TASK TO COMPLETE
Among the entries below, how many lines contain the string "every"? Only the number, please.

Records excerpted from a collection
######
(* Let $y_0:A\to\Delta(B)$ satisfy $U^1(\mu_0,y_0)>U^1(\mu,y_0)$ for every $\mu\in\mathcal{M}\setminus\{\mu_0\}$ and $U^2(\mu_0,y_0)>v^2$; let $\bar y:A\to\Delta(B)$ satisfy $U^1(\mu_0,\bar y)\ge U^1(\mu,\bar y)$ for all $\mu\in\mathcal{M}$ and $U^2(\mu_0,\bar y)\ge v^2$; let $\varepsilon\in(0,1]$ and $y=\varepsilon y_0+(1-\varepsilon)\bar y$. Assume $\mathcal{M}$ has at least one extreme point different from $\mu_0$, and let $\mathcal{M}_e$ be the set of extreme points of $\mathcal{M}$, $c_1=\min_{\mu_e\in\mathcal{M}_e,\mu_e\neq\mu_0}\big(U^1(\mu_0,y_0)-U^1(\mu_e,y_0)\big)$ and $c_2=\max_{\mu_e\in\mathcal{M}_e,\mu_e\ne\mu_0}\|\mu_e-\mu_0\|_1$. Then for every $\mu\in\mathcal{M}$, $U^1(\mu_0,y)-U^1(\mu,y)\ge\frac{\varepsilon c_1}{c_2}\|\mu-\mu_0\|_1$.
   Context: $S$ is finite, $A=S$, $B$ finite, $u=(u^1,u^2):S\times B\to\mathbb{R}^2$ extended linearly to mixed actions. $m\in\Delta(S)$ has full support. $\mathcal{M}\subset\Delta(S\times A)$ is the (polytope) set of distributions on $S\times A$ both of whose marginals equal $m$; $\mu_0(s,s)=m(s)$, $\mu_0(s,a)=0$ for $s\ne a$. For $\mu\in\mathcal{M}$ and $y:A\to\Delta(B)$, $U(\mu,y)=\sum_{s,a}\mu(s,a)u(s,y(\cdot\mid a))$; $v^2=\max_{b\in B}\sum_s m(s)u^2(s,b)$. *)

theory Defs
  imports "HOL-Analysis.Analysis"
begin

definition is_distr :: "('b::finite \<Rightarrow> real) \<Rightarrow> bool" where
  "is_distr p \<longleftrightarrow> (\<forall>b. 0 \<le> p b) \<and> (\<Sum>b\<in>UNIV. p b) = 1"

definition is_strategy :: "('s::finite \<Rightarrow> 'b::finite \<Rightarrow> real) \<Rightarrow> bool" where
  "is_strategy y \<longleftrightarrow> (\<forall>a. is_distr (y a))"

text \<open>Distributions on S x A (A = S) as vectors in R^(S x A) with both marginals equal to m.\<close>
definition Mset :: "('s::finite \<Rightarrow> real) \<Rightarrow> (real ^ ('s \<times> 's)) set" where
  "Mset m = {\<mu>. (\<forall>x. 0 \<le> \<mu> $ x) \<and> (\<Sum>x\<in>UNIV. \<mu> $ x) = 1
              \<and> (\<forall>s. (\<Sum>a\<in>UNIV. \<mu> $ (s, a)) = m s)
              \<and> (\<forall>a. (\<Sum>s\<in>UNIV. \<mu> $ (s, a)) = m a)}"

definition mu0 :: "('s::finite \<Rightarrow> real) \<Rightarrow> real ^ ('s \<times> 's)" where
  "mu0 m = (\<chi> x. if fst x = snd x then m (fst x) else 0)"

definition uext :: "('s \<Rightarrow> 'b::finite \<Rightarrow> real) \<Rightarrow> 's \<Rightarrow> ('b \<Rightarrow> real) \<Rightarrow> real" where
  "uext u s q = (\<Sum>b\<in>UNIV. q b * u s b)"

definition Upay :: "('s::finite \<Rightarrow> 'b::finite \<Rightarrow> real) \<Rightarrow> real ^ ('s \<times> 's)
                     \<Rightarrow> ('s \<Rightarrow> 'b \<Rightarrow> real) \<Rightarrow> real" where
  "Upay u \<mu> y = (\<Sum>x\<in>UNIV. \<mu> $ x * uext u (fst x) (y (snd x)))"

definition v2 :: "('s::finite \<Rightarrow> 'b::finite \<Rightarrow> real) \<Rightarrow> ('s \<Rightarrow> real) \<Rightarrow> real" where
  "v2 u2 m = Max (range (\<lambda>b. \<Sum>s\<in>UNIV. m s * u2 s b))"

definition l1dist :: "real ^ 'n::finite \<Rightarrow> real ^ 'n \<Rightarrow> real" where
  "l1dist \<mu> \<nu> = (\<Sum>x\<in>UNIV. \<bar>\<mu> $ x - \<nu> $ x\<bar>)"

end

theory Submission
  imports Defs
begin

text \<open>
  The set \<open>\<M>\<close> of couplings of \<open>m\<close> with itself is a polytope, so by Krein--Milman it is the
  convex hull of its finitely many extreme points. The payoff gap
  \<open>\<mu> \<mapsto> U\<^sup>1(\<mu>\<^sub>0,y\<^sub>0) - U\<^sup>1(\<mu>,y\<^sub>0)\<close> is affine and \<open>\<mu> \<mapsto> (c\<^sub>1/c\<^sub>2) \<parallel>\<mu> - \<mu>\<^sub>0\<parallel>\<^sub>1\<close> is convex, so the set where the
  latter is below the former is convex; it contains every extreme point by the choice of \<open>c\<^sub>1\<close>
  and \<open>c\<^sub>2\<close>, hence all of \<open>\<M>\<close>. Finally \<open>U\<close> is linear in the strategy and \<open>\<mu>\<^sub>0\<close> is a best
  response to \<open>ybar\<close>, so mixing in \<open>ybar\<close> scales the bound by \<open>\<epsilon>\<close> and adds a nonnegative term.
\<close>

lemma convex_le_concave_from_extreme_points:
  fixes K :: "'a::euclidean_space set" and f g :: "'a \<Rightarrow> real"
  assumes "compact K" "convex_on K f" "concave_on K g"
    and extreme: "\<And>x. x extreme_point_of K \<Longrightarrow> f x \<le> g x"
    and "x \<in> K"
  shows "f x \<le> g x"
proof -
  have "convex K"
    using assms(2) convex_on_imp_convex by blast
  have "convex {x \<in> K. f x \<le> g x}"
    unfolding convex_def
  proof (intro ballI allI impI)
    fix x y and u v :: real
    assume x: "x \<in> {x \<in> K. f x \<le> g x}" and y: "y \<in> {x \<in> K. f x \<le> g x}"
      and uv: "0 \<le> u" "0 \<le> v" "u + v = 1"
    have "f (u *\<^sub>R x + v *\<^sub>R y) \<le> u * f x + v * f y"
      using assms(2) x y uv by (auto simp: convex_on_def)
    also have "\<dots> \<le> u * g x + v * g y"
      using x y uv by (auto intro!: add_mono mult_left_mono)
    also have "\<dots> \<le> g (u *\<^sub>R x + v *\<^sub>R y)"
      using assms(3) x y uv by (auto simp: concave_on_iff)
    finally show "u *\<^sub>R x + v *\<^sub>R y \<in> {x \<in> K. f x \<le> g x}"
      using \<open>convex K\<close> x y uv by (auto simp: convex_def)
  qed
  moreover have "{x. x extreme_point_of K} \<subseteq> {x \<in> K. f x \<le> g x}"
    using extreme extreme_point_of_def by auto
  ultimately have "convex hull {x. x extreme_point_of K} \<subseteq> {x \<in> K. f x \<le> g x}"
    by (simp add: hull_minimal)
  with Krein_Milman_Minkowski[OF \<open>compact K\<close> \<open>convex K\<close>] \<open>x \<in> K\<close> show ?thesis
    by blast
qed

lemma polytope_extreme_points_ratio_bound:
  fixes K :: "'a::euclidean_space set" and f g :: "'a \<Rightarrow> real" and z :: 'a
  defines "E \<equiv> {x. x extreme_point_of K \<and> x \<noteq> z}"
  assumes "polytope K" "convex_on K f" "concave_on K g" "E \<noteq> {}"
    and nonneg: "\<And>x. x \<in> E \<Longrightarrow> 0 \<le> f x \<and> 0 \<le> g x"
    and "f z = 0" "0 \<le> g z" "x \<in> K"
  shows "Min (g ` E) / Max (f ` E) * f x \<le> g x"
proof -
  define c where "c = Min (g ` E) / Max (f ` E)"
  have "finite E"
    using finite_polyhedron_extreme_points[OF polytope_imp_polyhedron[OF \<open>polytope K\<close>]]
    unfolding E_def by (rule finite_subset[rotated]) auto
  have "0 \<le> Min (g ` E)" "0 \<le> Max (f ` E)"
    using \<open>finite E\<close> \<open>E \<noteq> {}\<close> nonneg by (auto simp: Min_ge_iff Max_ge_iff)
  then have "0 \<le> c"
    unfolding c_def by simp
  have "c * f e \<le> g e" if e: "e \<in> E" for e
  proof -
    have "c * f e \<le> c * Max (f ` E)"
      using \<open>0 \<le> c\<close> \<open>finite E\<close> e by (auto intro!: mult_left_mono)
    also have "\<dots> \<le> Min (g ` E)"
      unfolding c_def using \<open>0 \<le> Min (g ` E)\<close> by (cases "Max (f ` E) = 0") auto
    also have "\<dots> \<le> g e"
      using \<open>finite E\<close> e by simp
    finally show ?thesis .
  qed
  then have extreme: "c * f e \<le> g e" if "e extreme_point_of K" for e
    using that \<open>f z = 0\<close> \<open>0 \<le> g z\<close> unfolding E_def by (cases "e = z") auto
  have "convex_on K (\<lambda>x. c * f x)"
    using \<open>0 \<le> c\<close> \<open>convex_on K f\<close> by (rule convex_on_cmul)
  from convex_le_concave_from_extreme_points[OF polytope_imp_compact[OF \<open>polytope K\<close>]
      this \<open>concave_on K g\<close> extreme \<open>x \<in> K\<close>]
  show ?thesis
    unfolding c_def .
qed

lemma sum_vec_eq_inner_indicator:
  fixes v :: "real ^ 'n::finite"
  shows "(\<Sum>x\<in>A. v $ x) = (\<chi> x. if x \<in> A then 1 else 0) \<bullet> v"
proof -
  have "(\<chi> x. if x \<in> A then 1 else 0) \<bullet> v = (\<Sum>x\<in>UNIV. if x \<in> A then v $ x else 0)"
    by (auto simp: inner_vec_def intro: sum.cong)
  then show ?thesis
    by (simp add: sum.If_cases)
qed

lemma polyhedron_vec_sum_eq: "polyhedron {v :: real ^ 'n::finite. (\<Sum>x\<in>A. v $ x) = c}"
  unfolding sum_vec_eq_inner_indicator by (rule polyhedron_hyperplane)

lemma polyhedron_vec_nth_nonneg: "polyhedron {v :: real ^ 'n::finite. 0 \<le> v $ x}"
proof -
  have "{v :: real ^ 'n. 0 \<le> v $ x} = {v. (\<chi> y. if y \<in> {x} then 1 else 0) \<bullet> v \<ge> 0}"
    using sum_vec_eq_inner_indicator[where A="{x}"] by simp
  then show ?thesis
    by (simp only: polyhedron_halfspace_ge)
qed

lemma Mset_eq_Inter:
  "Mset m = (\<Inter>x. {\<mu>. 0 \<le> \<mu> $ x}) \<inter> {\<mu>. (\<Sum>x\<in>UNIV. \<mu> $ x) = 1}
     \<inter> (\<Inter>s. {\<mu>. (\<Sum>x\<in>{s} \<times> UNIV. \<mu> $ x) = m s})
     \<inter> (\<Inter>a. {\<mu>. (\<Sum>x\<in>UNIV \<times> {a}. \<mu> $ x) = m a})"
  by (auto simp: Mset_def sum.cartesian_product')

lemma Mset_subset_cbox: "Mset m \<subseteq> cbox 0 (\<chi> _. 1)"
proof
  fix \<mu> assume \<mu>: "\<mu> \<in> Mset m"
  have "\<mu> $ x \<le> (\<Sum>x\<in>UNIV. \<mu> $ x)" for x
    using \<mu> by (intro member_le_sum) (auto simp: Mset_def)
  with \<mu> show "\<mu> \<in> cbox 0 (\<chi> _. 1)"
    by (auto simp: Mset_def mem_box_cart)
qed

lemma polytope_Mset: "polytope (Mset m)"
  unfolding polytope_eq_bounded_polyhedron
proof
  show "polyhedron (Mset m)"
    unfolding Mset_eq_Inter
    by (intro polyhedron_Int polyhedron_Inter)
      (auto simp: polyhedron_vec_sum_eq polyhedron_vec_nth_nonneg)
  show "bounded (Mset m)"
    using Mset_subset_cbox bounded_cbox bounded_subset by blast
qed

lemma Upay_scaleR_add: "Upay u (a *\<^sub>R \<mu> + b *\<^sub>R \<nu>) y = a * Upay u \<mu> y + b * Upay u \<nu> y"
  unfolding Upay_def by (simp add: algebra_simps sum.distrib sum_distrib_left)

lemma Upay_strategy_mix:
  "Upay u \<mu> (\<lambda>a b. e * y a b + (1 - e) * y' a b) = e * Upay u \<mu> y + (1 - e) * Upay u \<mu> y'"
  unfolding Upay_def uext_def
  by (simp add: distrib_left distrib_right sum.distrib sum_distrib_left mult_ac)

lemma concave_on_Upay_gap:
  assumes "convex S"
  shows "concave_on S (\<lambda>\<mu>. c - Upay u \<mu> y)"
proof -
  have "a * (c - Upay u \<mu> y) + b * (c - Upay u \<nu> y) = c - Upay u (a *\<^sub>R \<mu> + b *\<^sub>R \<nu>) y"
    if "a + b = 1" for a b \<mu> \<nu>
  proof -
    have "a * (c - Upay u \<mu> y) + b * (c - Upay u \<nu> y) = (a + b) * c - (a * Upay u \<mu> y + b * Upay u \<nu> y)"
      by (simp add: algebra_simps)
    with that show ?thesis
      by (simp add: Upay_scaleR_add)
  qed
  with assms show ?thesis
    by (simp add: concave_on_iff)
qed

lemma convex_on_l1dist:
  assumes "convex S"
  shows "convex_on S (\<lambda>\<mu>. l1dist \<mu> \<nu>)"
  unfolding convex_on_def
proof (intro conjI assms ballI allI impI)
  fix \<mu> \<mu>' and a b :: real
  assume "0 \<le> a" "0 \<le> b" "a + b = 1"
  then have "dist (\<nu> $ i) (a *\<^sub>R \<mu> $ i + b *\<^sub>R \<mu>' $ i)
      \<le> a * dist (\<nu> $ i) (\<mu> $ i) + b * dist (\<nu> $ i) (\<mu>' $ i)" for i
    using convex_on_dist[OF convex_UNIV, of "\<nu> $ i"] by (simp add: convex_on_def)
  then show "l1dist (a *\<^sub>R \<mu> + b *\<^sub>R \<mu>') \<nu> \<le> a * l1dist \<mu> \<nu> + b * l1dist \<mu>' \<nu>"
    unfolding l1dist_def sum_distrib_left sum.distrib[symmetric]
    by (intro sum_mono) (simp add: dist_real_def abs_minus_commute)
qed

lemma l1dist_nonneg: "0 \<le> l1dist \<mu> \<nu>"
  unfolding l1dist_def by (simp add: sum_nonneg)

lemma l1dist_self [simp]: "l1dist \<mu> \<mu> = 0"
  unfolding l1dist_def by simp

lemma Upay_gap_ge_ratio_l1dist:
  fixes m :: "'s::finite \<Rightarrow> real"
  defines "E \<equiv> {\<nu>. \<nu> extreme_point_of Mset m \<and> \<nu> \<noteq> mu0 m}"
  assumes strict: "\<forall>\<nu>\<in>Mset m - {mu0 m}. Upay u (mu0 m) y > Upay u \<nu> y"
    and "E \<noteq> {}" "\<mu> \<in> Mset m"
  shows "Min ((\<lambda>\<nu>. Upay u (mu0 m) y - Upay u \<nu> y) ` E) / Max ((\<lambda>\<nu>. l1dist \<nu> (mu0 m)) ` E)
           * l1dist \<mu> (mu0 m)
         \<le> Upay u (mu0 m) y - Upay u \<mu> y"
proof -
  have convex: "convex (Mset m)"
    by (simp add: polytope_Mset polytope_imp_convex)
  have nonneg: "0 \<le> l1dist \<nu> (mu0 m) \<and> 0 \<le> Upay u (mu0 m) y - Upay u \<nu> y"
    if "\<nu> \<in> E" for \<nu>
  proof -
    have "\<nu> \<in> Mset m - {mu0 m}"
      using that by (auto simp: E_def extreme_point_of_def)
    with strict show ?thesis
      by (simp add: l1dist_nonneg less_imp_le)
  qed
  have "0 \<le> Upay u (mu0 m) y - Upay u (mu0 m) y"
    by simp
  with \<open>E \<noteq> {}\<close> nonneg show ?thesis
    unfolding E_def
    by (rule polytope_extreme_points_ratio_bound[OF polytope_Mset convex_on_l1dist[OF convex]
          concave_on_Upay_gap[OF convex] _ _ l1dist_self _ \<open>\<mu> \<in> Mset m\<close>])
qed

theorem lemma3:
  fixes m :: "'s::finite \<Rightarrow> real"
    and u1 u2 :: "'s \<Rightarrow> 'b::finite \<Rightarrow> real"
    and y0 ybar :: "'s \<Rightarrow> 'b \<Rightarrow> real"
    and \<epsilon> :: real
  assumes m_pos: "\<forall>s. 0 < m s" and m_sum: "(\<Sum>s\<in>UNIV. m s) = 1"
    and y0_str: "is_strategy y0"
    and y0_strict: "\<forall>\<mu>\<in>Mset m - {mu0 m}. Upay u1 (mu0 m) y0 > Upay u1 \<mu> y0"
    and y0_2: "Upay u2 (mu0 m) y0 > v2 u2 m"
    and ybar_str: "is_strategy ybar"
    and ybar_1: "\<forall>\<mu>\<in>Mset m. Upay u1 (mu0 m) ybar \<ge> Upay u1 \<mu> ybar"
    and ybar_2: "Upay u2 (mu0 m) ybar \<ge> v2 u2 m"
    and eps: "0 < \<epsilon>" "\<epsilon> \<le> 1"
    and ext: "\<exists>\<mu>e. \<mu>e extreme_point_of Mset m \<and> \<mu>e \<noteq> mu0 m"
  shows "\<forall>\<mu>\<in>Mset m.
     Upay u1 (mu0 m) (\<lambda>a b. \<epsilon> * y0 a b + (1 - \<epsilon>) * ybar a b)
       - Upay u1 \<mu> (\<lambda>a b. \<epsilon> * y0 a b + (1 - \<epsilon>) * ybar a b)
     \<ge> \<epsilon> * Min ((\<lambda>\<mu>e. Upay u1 (mu0 m) y0 - Upay u1 \<mu>e y0)
                   ` {\<mu>e. \<mu>e extreme_point_of Mset m \<and> \<mu>e \<noteq> mu0 m})
       / Max ((\<lambda>\<mu>e. l1dist \<mu>e (mu0 m))
                   ` {\<mu>e. \<mu>e extreme_point_of Mset m \<and> \<mu>e \<noteq> mu0 m})
       * l1dist \<mu> (mu0 m)"
proof (intro ballI)
  fix \<mu> assume "\<mu> \<in> Mset m"
  let ?E = "{\<mu>e. \<mu>e extreme_point_of Mset m \<and> \<mu>e \<noteq> mu0 m}"
  let ?gap = "\<lambda>y \<nu>. Upay u1 (mu0 m) y - Upay u1 \<nu> y"
  let ?ratio = "Min (?gap y0 ` ?E) / Max ((\<lambda>\<nu>. l1dist \<nu> (mu0 m)) ` ?E)"
  have "?E \<noteq> {}"
    using ext by blast
  with y0_strict have "?ratio * l1dist \<mu> (mu0 m) \<le> ?gap y0 \<mu>"
    using \<open>\<mu> \<in> Mset m\<close> by (rule Upay_gap_ge_ratio_l1dist)
  then have "\<epsilon> * (?ratio * l1dist \<mu> (mu0 m)) \<le> \<epsilon> * ?gap y0 \<mu>"
    by (rule mult_left_mono) (use eps in simp)
  moreover have "0 \<le> (1 - \<epsilon>) * ?gap ybar \<mu>"
    using ybar_1 \<open>\<mu> \<in> Mset m\<close> eps by simp
  ultimately have "\<epsilon> * (?ratio * l1dist \<mu> (mu0 m)) \<le> \<epsilon> * ?gap y0 \<mu> + (1 - \<epsilon>) * ?gap ybar \<mu>"
    by linarith
  then show "\<epsilon> * Min (?gap y0 ` ?E) / Max ((\<lambda>\<nu>. l1dist \<nu> (mu0 m)) ` ?E) * l1dist \<mu> (mu0 m)
      \<le> ?gap (\<lambda>a b. \<epsilon> * y0 a b + (1 - \<epsilon>) * ybar a b) \<mu>"
    unfolding Upay_strategy_mix by (simp add: algebra_simps)
qed

end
######
RESULT
2